* _Task item_:
Once you have read the entries below, write them all out again exactly.

---------- Extracted data

lemma standard_unit_circle_center:
  assumes "v \<in> standard_rows" and "(v$2)\<^sup>2 = 1"
  shows "(v$3/v$2 - 1)/2 \<in> \<int> \<and> (v$4/v$2)/2 \<in> \<int>"
proof -
  have v2: "v$2 = 1 \<or> v$2 = -1"
    using assms(2) by (simp add: power2_eq_1_iff)
  then have "(v$2 - 1)/2 \<in> \<int>"
    by auto
  then have par: "(v$3 - 1)/2 \<in> \<int>" "v$4/2 \<in> \<int>"
    using standard_row_parity[OF assms(1)] not_half_Ints_both[of "v$2"] by auto
  have "(v$3/v$2 - 1)/2 \<in> \<int>"
    using v2
  proof
    assume "v$2 = -1"
    then have "(v$3/v$2 - 1)/2 = - ((v$3 - 1)/2) - 1"
      by (simp add: field_simps)
    then show ?thesis
      using par(1) by (simp only:) (blast intro: Ints_diff Ints_minus Ints_1)
  qed (use par(1) in simp)
  moreover have "(v$4/v$2)/2 \<in> \<int>"
    using v2 par(2) by auto
  ultimately show ?thesis ..
qed

section \<open>Circles and axis-parallel motions\<close>

lemma pt_nth [simp]: "pt x y $ 1 = x" "pt x y $ 2 = y"
  by (simp_all add: pt_def)

lemma pt_eta: "pt (p$1) (p$2) = p"
  unfolding pt_def vec_eq_iff using exhaust_2 by auto

lemma dist_vec2: "dist (p::real^2) q = sqrt ((p$1 - q$1)\<^sup>2 + (p$2 - q$2)\<^sup>2)"
  by (simp add: dist_vec_def L2_set_def sum_2 dist_real_def)

lemma mem_circle_of_row:
  "q \<in> circle_of_row v \<longleftrightarrow>
     (if v$2 \<noteq> 0 then (v$3/v$2 - q$1)\<^sup>2 + (v$4/v$2 - q$2)\<^sup>2 = (1/v$2)\<^sup>2
      else q$1 * v$3 + q$2 * v$4 = v$1/2)"
proof (cases "v$2 = 0")
  case False
  have "1/\<bar>v$2\<bar> = sqrt ((1/v$2)\<^sup>2)"
    by (simp add: real_sqrt_abs)
  then have "q \<in> circle_of_row v \<longleftrightarrow>
      sqrt ((v$3/v$2 - q$1)\<^sup>2 + (v$4/v$2 - q$2)\<^sup>2) = sqrt ((1/v$2)\<^sup>2)"
    using False by (simp add: circle_of_row_def dist_vec2)
  then show ?thesis
    using False by (simp only: real_sqrt_eq_iff) simp
qed (simp add: circle_of_row_def)

lemma circle_of_row_diameter:
  assumes "v$2 \<noteq> 0" and "p \<in> circle_of_row v" and "q \<in> circle_of_row v"
  shows "dist p q \<le> 2 / \<bar>v$2\<bar>"
proof -
  define c :: "real^2" where "c = (\<chi> k. if k = 1 then v$3 / v$2 else v$4 / v$2)"
  have "dist c p = 1 / \<bar>v$2\<bar>" "dist c q = 1 / \<bar>v$2\<bar>"
    using assms unfolding circle_of_row_def c_def by simp_all
  then show ?thesis
    using dist_triangle2[of p q c] by (simp add: dist_commute)
qed

lemma standard_circle_diameter:
  assumes "v \<in> standard_rows" and "v$2 \<noteq> 0" and "p \<in> circle_of_row v" and "q \<in> circle_of_row v"
  shows "dist p q \<le> 2"
proof -
  obtain k where k: "v$2 = of_int k"
    using standard_row_integral[OF assms(1)] by (auto elim: Ints_cases)
  with assms(2) have "1 \<le> \<bar>k\<bar>"
    by auto
  then have "1 \<le> \<bar>v$2\<bar>"
    unfolding k by linarith
  then have "2 / \<bar>v$2\<bar> \<le> 2"
    by (simp add: divide_le_eq)
  then show ?thesis
    using circle_of_row_diameter[OF assms(2-4)] by linarith
qed

definition axis_motion :: "real \<Rightarrow> real \<Rightarrow> real \<Rightarrow> real \<Rightarrow> real^2 \<Rightarrow> real^2" where
  "axis_motion s1 s2 t1 t2 p = pt (s1 * p$1 + t1) (s2 * p$2 + t2)"

lemma axis_motion_comp:
  "axis_motion s1 s2 t1 t2 \<circ> axis_motion u1 u2 r1 r2
     = axis_motion (s1 * u1) (s2 * u2) (s1 * r1 + t1) (s2 * r2 + t2)"
  by (simp add: fun_eq_iff axis_motion_def algebra_simps)

lemma axis_motion_id: "axis_motion 1 1 0 0 = id"
  by (simp add: fun_eq_iff axis_motion_def pt_eta)

lemma axis_motion_inverse:
  assumes "s1 \<in> {-1, 1}" and "s2 \<in> {-1, 1}"
  shows "axis_motion s1 s2 (- s1 * t1) (- s2 * t2) \<circ> axis_motion s1 s2 t1 t2 = id"
    and "axis_motion s1 s2 t1 t2 \<circ> axis_motion s1 s2 (- s1 * t1) (- s2 * t2) = id"
  using assms by (auto simp: axis_motion_comp axis_motion_id)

--------------------

* _Exercise response_:
lemma standard_unit_circle_center:
  assumes "v \<in> standard_rows" and "(v$2)\<^sup>2 = 1"
  shows "(v$3/v$2 - 1)/2 \<in> \<int> \<and> (v$4/v$2)/2 \<in> \<int>"
proof -
  have v2: "v$2 = 1 \<or> v$2 = -1"
    using assms(2) by (simp add: power2_eq_1_iff)
  then have "(v$2 - 1)/2 \<in> \<int>"
    by auto
  then have par: "(v$3 - 1)/2 \<in> \<int>" "v$4/2 \<in> \<int>"
    using standard_row_parity[OF assms(1)] not_half_Ints_both[of "v$2"] by auto
  have "(v$3/v$2 - 1)/2 \<in> \<int>"
    using v2
  proof
    assume "v$2 = -1"
    then have "(v$3/v$2 - 1)/2 = - ((v$3 - 1)/2) - 1"
      by (simp add: field_simps)
    then show ?thesis
      using par(1) by (simp only:) (blast intro: Ints_diff Ints_minus Ints_1)
  qed (use par(1) in simp)
  moreover have "(v$4/v$2)/2 \<in> \<int>"
    using v2 par(2) by auto
  ultimately show ?thesis ..
qed

section \<open>Circles and axis-parallel motions\<close>

lemma pt_nth [simp]: "pt x y $ 1 = x" "pt x y $ 2 = y"
  by (simp_all add: pt_def)

lemma pt_eta: "pt (p$1) (p$2) = p"
  unfolding pt_def vec_eq_iff using exhaust_2 by auto

lemma dist_vec2: "dist (p::real^2) q = sqrt ((p$1 - q$1)\<^sup>2 + (p$2 - q$2)\<^sup>2)"
  by (simp add: dist_vec_def L2_set_def sum_2 dist_real_def)

lemma mem_circle_of_row:
  "q \<in> circle_of_row v \<longleftrightarrow>
     (if v$2 \<noteq> 0 then (v$3/v$2 - q$1)\<^sup>2 + (v$4/v$2 - q$2)\<^sup>2 = (1/v$2)\<^sup>2
      else q$1 * v$3 + q$2 * v$4 = v$1/2)"
proof (cases "v$2 = 0")
  case False
  have "1/\<bar>v$2\<bar> = sqrt ((1/v$2)\<^sup>2)"
    by (simp add: real_sqrt_abs)
  then have "q \<in> circle_of_row v \<longleftrightarrow>
      sqrt ((v$3/v$2 - q$1)\<^sup>2 + (v$4/v$2 - q$2)\<^sup>2) = sqrt ((1/v$2)\<^sup>2)"
    using False by (simp add: circle_of_row_def dist_vec2)
  then show ?thesis
    using False by (simp only: real_sqrt_eq_iff) simp
qed (simp add: circle_of_row_def)

lemma circle_of_row_diameter:
  assumes "v$2 \<noteq> 0" and "p \<in> circle_of_row v" and "q \<in> circle_of_row v"
  shows "dist p q \<le> 2 / \<bar>v$2\<bar>"
proof -
  define c :: "real^2" where "c = (\<chi> k. if k = 1 then v$3 / v$2 else v$4 / v$2)"
  have "dist c p = 1 / \<bar>v$2\<bar>" "dist c q = 1 / \<bar>v$2\<bar>"
    using assms unfolding circle_of_row_def c_def by simp_all
  then show ?thesis
    using dist_triangle2[of p q c] by (simp add: dist_commute)
qed

lemma standard_circle_diameter:
  assumes "v \<in> standard_rows" and "v$2 \<noteq> 0" and "p \<in> circle_of_row v" and "q \<in> circle_of_row v"
  shows "dist p q \<le> 2"
proof -
  obtain k where k: "v$2 = of_int k"
    using standard_row_integral[OF assms(1)] by (auto elim: Ints_cases)
  with assms(2) have "1 \<le> \<bar>k\<bar>"
    by auto
  then have "1 \<le> \<bar>v$2\<bar>"
    unfolding k by linarith
  then have "2 / \<bar>v$2\<bar> \<le> 2"
    by (simp add: divide_le_eq)
  then show ?thesis
    using circle_of_row_diameter[OF assms(2-4)] by linarith
qed

definition axis_motion :: "real \<Rightarrow> real \<Rightarrow> real \<Rightarrow> real \<Rightarrow> real^2 \<Rightarrow> real^2" where
  "axis_motion s1 s2 t1 t2 p = pt (s1 * p$1 + t1) (s2 * p$2 + t2)"

lemma axis_motion_comp:
  "axis_motion s1 s2 t1 t2 \<circ> axis_motion u1 u2 r1 r2
     = axis_motion (s1 * u1) (s2 * u2) (s1 * r1 + t1) (s2 * r2 + t2)"
  by (simp add: fun_eq_iff axis_motion_def algebra_simps)

lemma axis_motion_id: "axis_motion 1 1 0 0 = id"
  by (simp add: fun_eq_iff axis_motion_def pt_eta)

lemma axis_motion_inverse:
  assumes "s1 \<in> {-1, 1}" and "s2 \<in> {-1, 1}"
  shows "axis_motion s1 s2 (- s1 * t1) (- s2 * t2) \<circ> axis_motion s1 s2 t1 t2 = id"
    and "axis_motion s1 s2 t1 t2 \<circ> axis_motion s1 s2 (- s1 * t1) (- s2 * t2) = id"
  using assms by (auto simp: axis_motion_comp axis_motion_id)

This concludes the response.